One very important thing is that we shouldn't really be caching these files, as they are the results to dynamic queries... Really for our needs, we *could* cache to disk, because the final querystring we use will specify the entity ID we want, and the data returned for the same query string will be the same in this case every time. However, this assumption can't really be made everywhere as you know with this kind of stuff...
Robby
----- Original Message -----
From: "Alarcón Carlos" <carlos.alarcon at tyven.com>
To: "General discussion about voiceglue" <voiceglue at voiceglue.org>
Sent: Friday, February 6, 2009 2:53:33 PM GMT -05:00 US/Canada Eastern
Subject: Re: [Voiceglue] Fwd: Propagating HTTP session to <audio> tag requests
Probably it is not what you need but ..
wget <url> -O <filename>
this command saves the requested <url> as the given <filename>
Regards
El 06/02/2009, a las 20:28, Archie Cobbs escribió:
Resending due to previous email delivery problems...
-Archie
---------- Forwarded message ----------
From: Archie Cobbs < archie at dellroad.org >
Date: Thu, Feb 5, 2009 at 11:10 AM
Subject: Propagating HTTP session to <audio> tag requests
To: General discussion about voiceglue < voiceglue at voiceglue.org >
When voiceglue downloads an audio file on behalf of an <audio> tag, which is done via wget, it does not propagate any cookies associated with the containing VXML document's HTTP session.

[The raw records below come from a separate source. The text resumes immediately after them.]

(* Let $q_1,\dots,q_8$ be the eight points $(\pm1,\pm1,\pm1)$ of $\mathbb{R}^3$, let $t\in(0,1)$ and $q_{j+8}=tq_j$ ($j=1,\dots,8$). Place nonzero mass $\mu_1$ at each vertex $q_1,\dots,q_8$ of the outer cube and nonzero mass $\mu_2$ at each vertex $q_9,\dots,q_{16}$ of the inner cube. There exists $\delta\in(0,1)$ such that: if $t\in(0,\delta)$ and the configuration is central, then $\mu_1$ and $\mu_2$ have the same sign; if $t\in(\delta,1)$ and the configuration is central, then $\mu_1$ and $\mu_2$ have opposite signs.
   Context: A configuration $q=(q_1,\dots,q_N)$ of distinct points in $\mathbb{R}^3$ with masses $m_1,\dots,m_N$ is a central configuration if there exists $c\in\mathbb{R}$ such that $\sum_{j\neq i} m_j\left(\frac{1}{|q_j-q_i|^3}-c\right)(q_j-q_i)=0$ for all $i=1,\dots,N$. *)

theory Defs
  imports "HOL-Analysis.Analysis"
begin

definition central_config :: "'i set \<Rightarrow> ('i \<Rightarrow> real^3) \<Rightarrow> ('i \<Rightarrow> real) \<Rightarrow> bool" where
  "central_config I q m \<longleftrightarrow> inj_on q I \<and>
     (\<exists>c::real. \<forall>i\<in>I. (\<Sum>j\<in>I - {i}. (m j * (1 / norm (q j - q i) ^ 3 - c)) *\<^sub>R (q j - q i)) = 0)"

text \<open>The eight vertices (+-1,+-1,+-1) of the cube, indexed by 0..7 (binary digits give the signs).\<close>
definition cube_vertex :: "nat \<Rightarrow> real^3" where
  "cube_vertex j = vector [if odd j then -1 else 1,
                           if odd (j div 2) then -1 else 1,
                           if odd (j div 4) then -1 else 1]"

text \<open>Nested cubes: indices 0..7 outer cube q_1..q_8, indices 8..15 inner cube q_9..q_16 = t q_j.\<close>
definition nested_cubes :: "real \<Rightarrow> nat \<Rightarrow> real^3" where
  "nested_cubes t j = (if j < 8 then cube_vertex j else t *\<^sub>R cube_vertex (j - 8))"

definition nested_masses :: "real \<Rightarrow> real \<Rightarrow> nat \<Rightarrow> real" where
  "nested_masses \<mu>1 \<mu>2 j = (if j < 8 then \<mu>1 else \<mu>2)"

end

theory Submission
  imports Defs
begin

(* The first coordinates of the equilibrium equations at the outer vertex q_1 = (1,1,1) and at the
   inner vertex t q_1 are two linear equations in the masses and the constant c. Eliminating c gives
   mu_1 t^2 P(t) = mu_2 (a - t^3 I(t)), where a is the attraction of a unit-mass cube on one of its own
   vertices, I(t) that of the inner cube on q_1, and P(t) > 0 on (0,1). The function t^3 I(t) is
   strictly increasing, below a at t = 1/2 and above a at t = 3/4; delta is the point where it
   crosses a, obtained as a supremum, so no continuity argument is needed. *)

lemma norm_vec3: "norm (x::real^3) = sqrt ((x$1)^2 + (x$2)^2 + (x$3)^2)"
  by (simp add: norm_vec_def L2_set_def sum_3)

lemma sum_atLeastLessThan_16:
  "sum f {0..<16::nat} = f 0 + f 1 + f 2 + f 3 + f 4 + f 5 + f 6 + f 7
     + f 8 + f 9 + f 10 + f 11 + f 12 + f 13 + f 14 + f 15"
  by (simp add: eval_nat_numeral)

lemma sqrt_cube_eq: "0 \<le> x \<Longrightarrow> sqrt x ^ 3 = x * sqrt x"
  by (simp add: power3_eq_cube)

lemma mult_inverse_sqrt_cube:
  fixes a u :: real
  assumes "0 \<le> a" "0 < u"
  shows "u * (1 / sqrt (a * u^2) ^ 3) = 1 / u^2 / sqrt a ^ 3"
  using assms by (simp add: real_sqrt_mult power_mult_distrib power2_eq_square power3_eq_cube)

lemma sqrt_cubes: "sqrt 3 ^ 3 = 3 * sqrt (3::real)" "sqrt 4 ^ 3 = (8::real)"
  "sqrt 8 ^ 3 = 16 * sqrt (2::real)" "sqrt 12 ^ 3 = 24 * sqrt (3::real)"
proof -
  have "sqrt 8 = 2 * sqrt (2::real)" "sqrt 12 = 2 * sqrt (3::real)"
    using real_sqrt_mult[of 4 2] real_sqrt_mult[of 4 3] by simp_all
  then show "sqrt 3 ^ 3 = 3 * sqrt (3::real)" "sqrt 4 ^ 3 = (8::real)"
    "sqrt 8 ^ 3 = 16 * sqrt (2::real)" "sqrt 12 ^ 3 = 24 * sqrt (3::real)"
    by (simp_all add: power3_eq_cube)
qed

lemma sqrt2_bounds: "1414/1000 \<le> sqrt (2::real)" "sqrt (2::real) \<le> 1415/1000"
  by (rule real_le_rsqrt real_le_lsqrt; simp add: power2_eq_square)+

lemma sqrt3_bounds: "173/100 \<le> sqrt (3::real)" "sqrt (3::real) \<le> 17321/10000"
  by (rule real_le_rsqrt real_le_lsqrt; simp add: power2_eq_square)+

lemma strict_mono_on_add:
  fixes f g :: "'a::order \<Rightarrow> 'b::strict_ordered_ab_semigroup_add"
  assumes "strict_mono_on A f" "strict_mono_on A g"
  shows "strict_mono_on A (\<lambda>x. f x + g x)"
  using assms by (intro strict_mono_onI add_strict_mono) (auto dest: strict_mono_onD)

lemma strict_mono_on_mult:
  fixes f g :: "'a::order \<Rightarrow> 'b::linordered_semiring_strict"
  assumes "strict_mono_on A f" "strict_mono_on A g" "\<And>x. x \<in> A \<Longrightarrow> 0 \<le> f x" "\<And>x. x \<in> A \<Longrightarrow> 0 \<le> g x"
  shows "strict_mono_on A (\<lambda>x. f x * g x)"
  using assms by (intro strict_mono_onI mult_strict_mono') (auto dest: strict_mono_onD)

lemma strict_mono_on_sqrt: "strict_mono_on A f \<Longrightarrow> strict_mono_on A (\<lambda>x. sqrt (f x))"
  by (intro strict_mono_onI) (auto dest: strict_mono_onD)

lemma strict_mono_on_divide: "strict_mono_on A f \<Longrightarrow> (0::real) < c \<Longrightarrow> strict_mono_on A (\<lambda>x. f x / c)"
  by (intro strict_mono_onI) (auto dest: strict_mono_onD simp: divide_strict_right_mono)

lemma strict_mono_on_crossing:
  fixes K :: "'a::linear_continuum \<Rightarrow> 'b::linorder"
  assumes mono: "strict_mono_on {lo<..<hi} K"
    and a: "a \<in> {lo<..<hi}" "K a < c" and b: "b \<in> {lo<..<hi}" "c < K b"
  obtains \<delta> where "lo < \<delta>" "\<delta> < hi"
    "\<And>t. lo < t \<Longrightarrow> t < \<delta> \<Longrightarrow> K t < c"
    "\<And>t. \<delta> < t \<Longrightarrow> t < hi \<Longrightarrow> c < K t"
proof
  define S where "S = {t \<in> {lo<..<hi}. K t < c}"
  have "a \<in> S"
    using a by (simp add: S_def)
  have le_b: "t \<le> b" if "t \<in> S" for t
  proof (rule ccontr)
    assume "\<not> t \<le> b"
    then have "K b < K t"
      using that b mono by (auto simp: S_def dest: strict_mono_onD)
    moreover have "K t < c"
      using that by (simp add: S_def)
    ultimately show False
      using b(2) by (meson less_asym less_trans)
  qed
  then have bdd: "bdd_above S"
    by (rule bdd_aboveI)
  have lo_Sup: "lo < Sup S"
    using a(1) cSup_upper[OF \<open>a \<in> S\<close> bdd] by (auto intro: less_le_trans)
  then show "lo < Sup S" .
  show "Sup S < hi"
    using b cSup_least[of S b] \<open>a \<in> S\<close> le_b by (auto intro: le_less_trans)
  show "K t < c" if t: "lo < t" "t < Sup S" for t
  proof -
    obtain s where "s \<in> S" "t < s"
      using t less_cSup_iff[OF _ bdd, of t] \<open>a \<in> S\<close> by auto
    with t mono show ?thesis
      by (auto simp: S_def dest!: strict_mono_onD[of _ _ t s])
  qed
  show "c < K t" if t: "Sup S < t" "t < hi" for t
  proof -
    obtain s where s: "Sup S < s" "s < t"
      using t dense by blast
    then have "s \<notin> S"
      using cSup_upper[OF _ bdd] by (auto simp: not_le[symmetric])
    moreover have "lo < s"
      using lo_Sup s(1) by (rule less_trans)
    ultimately have "c \<le> K s"
      using s t by (auto simp: S_def not_less)
    also have "K s < K t"
      using \<open>lo < s\<close> s t by (intro strict_mono_onD[OF mono]) auto
    finally show ?thesis .
  qed
qed

section \<open>The equilibrium equations\<close>

text \<open>With unit masses, the first coordinate of the sum of (q_j - q_1)/|q_j - q_1|^3 is
  -cube_pull over the other outer vertices and -inner_pull t over the inner vertices, and
  the first coordinate of the sum of (q_j - q_9)/|q_j - q_9|^3 over the outer vertices is
  outer_pull t. The squared distance from q_1 to t q_j is edge_sqdist t if q_j is joined to q_1
  by an edge and face_sqdist t if by a face diagonal.\<close>

definition edge_sqdist :: "real \<Rightarrow> real" where "edge_sqdist t = 3 - 2*t + 3*t^2"

definition face_sqdist :: "real \<Rightarrow> real" where "face_sqdist t = 3 + 2*t + 3*t^2"

definition cube_pull :: real where "cube_pull = 1/4 + 1/(4 * sqrt 2) + 1/(12 * sqrt 3)"

definition inner_pull :: "real \<Rightarrow> real" where
  "inner_pull t = (1/(1-t)^2 + 1/(1+t)^2) / (3 * sqrt 3)
     + (3-t) / sqrt (edge_sqdist t) ^ 3 + (3+t) / sqrt (face_sqdist t) ^ 3"

definition outer_pull :: "real \<Rightarrow> real" where
  "outer_pull t = (1/(1-t)^2 - 1/(1+t)^2) / (3 * sqrt 3)
     + (1-3*t) / sqrt (edge_sqdist t) ^ 3 - (1+3*t) / sqrt (face_sqdist t) ^ 3"

lemma edge_sqdist_ge: "8/3 \<le> edge_sqdist t"
proof -
  have "edge_sqdist t = 3 * (t - 1/3)^2 + 8/3"
    by (simp add: edge_sqdist_def power2_eq_square algebra_simps)
  then show ?thesis
    by simp
qed

lemma edge_sqdist_pos: "0 < edge_sqdist t"
  using edge_sqdist_ge[of t] by linarith

lemma face_sqdist_pos: "0 < t \<Longrightarrow> 0 < face_sqdist t"
  by (simp add: face_sqdist_def add_pos_nonneg)

lemma diagonal_inverse_cubes:
  fixes t :: real
  assumes "0 < t" "t < 1"
  shows "(1 - t) * (1 / sqrt (3 * (1 - t)\<^sup>2) ^ 3) = 1 / (1 - t)^2 / (3 * sqrt 3)"
    and "(t - 1) * (1 / sqrt (3 * (t - 1)\<^sup>2) ^ 3) = - (1 / (1 - t)^2 / (3 * sqrt 3))"
    and "(- t - 1) * (1 / sqrt (3 * (- t - 1)\<^sup>2) ^ 3) = - (1 / (1 + t)^2 / (3 * sqrt 3))"
    and "(- 1 - t) * (1 / sqrt (3 * (- 1 - t)\<^sup>2) ^ 3) = - (1 / (1 + t)^2 / (3 * sqrt 3))"
proof -
  have "(- 1 - t)\<^sup>2 = (1 + t)\<^sup>2" "(- t - 1)\<^sup>2 = (1 + t)\<^sup>2" "(t - 1)\<^sup>2 = (1 - t)\<^sup>2"
    by (simp_all add: power2_eq_square algebra_simps)
  moreover have "- 1 - t = - (1 + t)" "- t - 1 = - (1 + t)" "t - 1 = - (1 - t)"
    by simp_all
  ultimately show "(1 - t) * (1 / sqrt (3 * (1 - t)\<^sup>2) ^ 3) = 1 / (1 - t)^2 / (3 * sqrt 3)"
    and "(t - 1) * (1 / sqrt (3 * (t - 1)\<^sup>2) ^ 3) = - (1 / (1 - t)^2 / (3 * sqrt 3))"
    and "(- t - 1) * (1 / sqrt (3 * (- t - 1)\<^sup>2) ^ 3) = - (1 / (1 + t)^2 / (3 * sqrt 3))"
    and "(- 1 - t) * (1 / sqrt (3 * (- 1 - t)\<^sup>2) ^ 3) = - (1 / (1 + t)^2 / (3 * sqrt 3))"
    using mult_inverse_sqrt_cube[of 3 "1 - t"] mult_inverse_sqrt_cube[of 3 "1 + t"] assms
    by (simp_all only: mult_minus_left sqrt_cubes)
qed

lemma nested_cubes_outer_equation:
  assumes "0 < t" "t < 1"
  shows "(\<Sum>j\<in>{0..<16} - {0}. (nested_masses \<mu>1 \<mu>2 j * (1 / norm (nested_cubes t j - nested_cubes t 0) ^ 3 - c))
            *\<^sub>R (nested_cubes t j - nested_cubes t 0)) $ 1
   = 8 * c * (\<mu>1 + \<mu>2) - \<mu>1 * cube_pull - \<mu>2 * inner_pull t"
proof -
  have sqdist: "2 * (- t - 1)\<^sup>2 + (t - 1)\<^sup>2 = face_sqdist t" "2 * (t - 1)\<^sup>2 + (- t - 1)\<^sup>2 = edge_sqdist t"
    by (simp_all add: face_sqdist_def edge_sqdist_def power2_eq_square algebra_simps)
  have rescale: "1 / (16 * sqrt 2) = 1 / (4 * sqrt 2) / 4" "1 / (24 * sqrt 3) = 1 / (12 * sqrt 3) / 2"
    by simp_all
  show ?thesis
    unfolding sum_component sum_diff1[of "{0..<16::nat}", simplified] sum_atLeastLessThan_16
    apply (simp add: nested_cubes_def nested_masses_def norm_vec3 cube_vertex_def sqdist sqrt_cubes)
    unfolding cube_pull_def inner_pull_def
    using diagonal_inverse_cubes(2,3)[OF assms] rescale by algebra
qed

lemma nested_cubes_inner_equation:
  assumes "0 < t" "t < 1"
  shows "(\<Sum>j\<in>{0..<16} - {8}. (nested_masses \<mu>1 \<mu>2 j * (1 / norm (nested_cubes t j - nested_cubes t 8) ^ 3 - c))
            *\<^sub>R (nested_cubes t j - nested_cubes t 8)) $ 1
   = 8 * c * t * (\<mu>1 + \<mu>2) + \<mu>1 * outer_pull t - \<mu>2 * cube_pull / t^2"
proof -
  have sqdist: "2 * (- 1 - t)\<^sup>2 + (1 - t)\<^sup>2 = face_sqdist t" "2 * (1 - t)\<^sup>2 + (- 1 - t)\<^sup>2 = edge_sqdist t"
    by (simp_all add: face_sqdist_def edge_sqdist_def power2_eq_square algebra_simps)
  have "t * (1 / sqrt (4 * t\<^sup>2) ^ 3) = 1 / 4 / t^2 / 2"
    "t * (1 / sqrt (8 * t\<^sup>2) ^ 3) = 1 / (4 * sqrt 2) / t^2 / 4"
    "t * (1 / sqrt (12 * t\<^sup>2) ^ 3) = 1 / (12 * sqrt 3) / t^2 / 2"
    using mult_inverse_sqrt_cube[of _ t] assms by (simp_all add: sqrt_cubes)
  note scaled = this
  show ?thesis
    unfolding sum_component sum_diff1[of "{0..<16::nat}", simplified] sum_atLeastLessThan_16
    apply (simp add: nested_cubes_def nested_masses_def norm_vec3 cube_vertex_def sqdist)
    unfolding cube_pull_def outer_pull_def
    using scaled diagonal_inverse_cubes(1,4)[OF assms] by algebra
qed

With wget, cookies can be configured easily using the --load-cookies command line flag. So one half of solving this problem is easy. However, I haven't looked into how to extract the cookies from whatever "web browser" voiceglue is using to download the VXML files.
This matters to us because we are dynamically generating audio files at runtime (pulling them from a a database), and we need to associate these requests with the same HTTP session that is getting the VXML documents for security reasons.
Because of the lack of cookie propagation, we are using URL-rewriting so end up with tags like this in our VXML:
<audio src="/ivr/audio.jsp;jsessionid=KjJDSJjdj2Jd?msgid=123456">
This almost works :-) The problem now is that when wget saves the file, the name of the file has the jsessionid part stripped out (in the above example, the filename ends up being " audio.jsp?msgid=123456"). I assume this is a "feature" of wget. But the result is that voiceglue cannot find the file because of the name change, so the audio doesn't play.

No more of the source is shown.